━━━ AVAILABLE RECORDS
lemma tensor_rank_matmul222: "tensor_rank (matmul222 :: 'a::field tensor3) = 7"
  using tensor_rank_le[OF strassen] tensor_rank_geI[OF matmul222_support_terms_ge_7[OF refl]]
  by (rule antisym)

theorem theorem1:
  shows "support_rank (matmul222 :: 'a::field tensor3) = 7"
  unfolding support_rank_def
proof (rule Least_equality)
  show "\<exists>s :: 'a tensor3. supp s = supp (matmul222 :: 'a tensor3) \<and> tensor_rank s = 7"
    using tensor_rank_matmul222 by blast
next
  fix r assume "\<exists>s :: 'a tensor3. supp s = supp (matmul222 :: 'a tensor3) \<and> tensor_rank s = r"
  then show "7 \<le> r" using tensor_rank_geI matmul222_support_terms_ge_7 by metis
qed

end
━━━━━━
• [YOUR ASSIGNMENT] All of the material is to be written out exactly.

• [TASK RESULT]
lemma tensor_rank_matmul222: "tensor_rank (matmul222 :: 'a::field tensor3) = 7"
  using tensor_rank_le[OF strassen] tensor_rank_geI[OF matmul222_support_terms_ge_7[OF refl]]
  by (rule antisym)

theorem theorem1:
  shows "support_rank (matmul222 :: 'a::field tensor3) = 7"
  unfolding support_rank_def
proof (rule Least_equality)
  show "\<exists>s :: 'a tensor3. supp s = supp (matmul222 :: 'a tensor3) \<and> tensor_rank s = 7"
    using tensor_rank_matmul222 by blast
next
  fix r assume "\<exists>s :: 'a tensor3. supp s = supp (matmul222 :: 'a tensor3) \<and> tensor_rank s = r"
  then show "7 \<le> r" using tensor_rank_geI matmul222_support_terms_ge_7 by metis
qed

end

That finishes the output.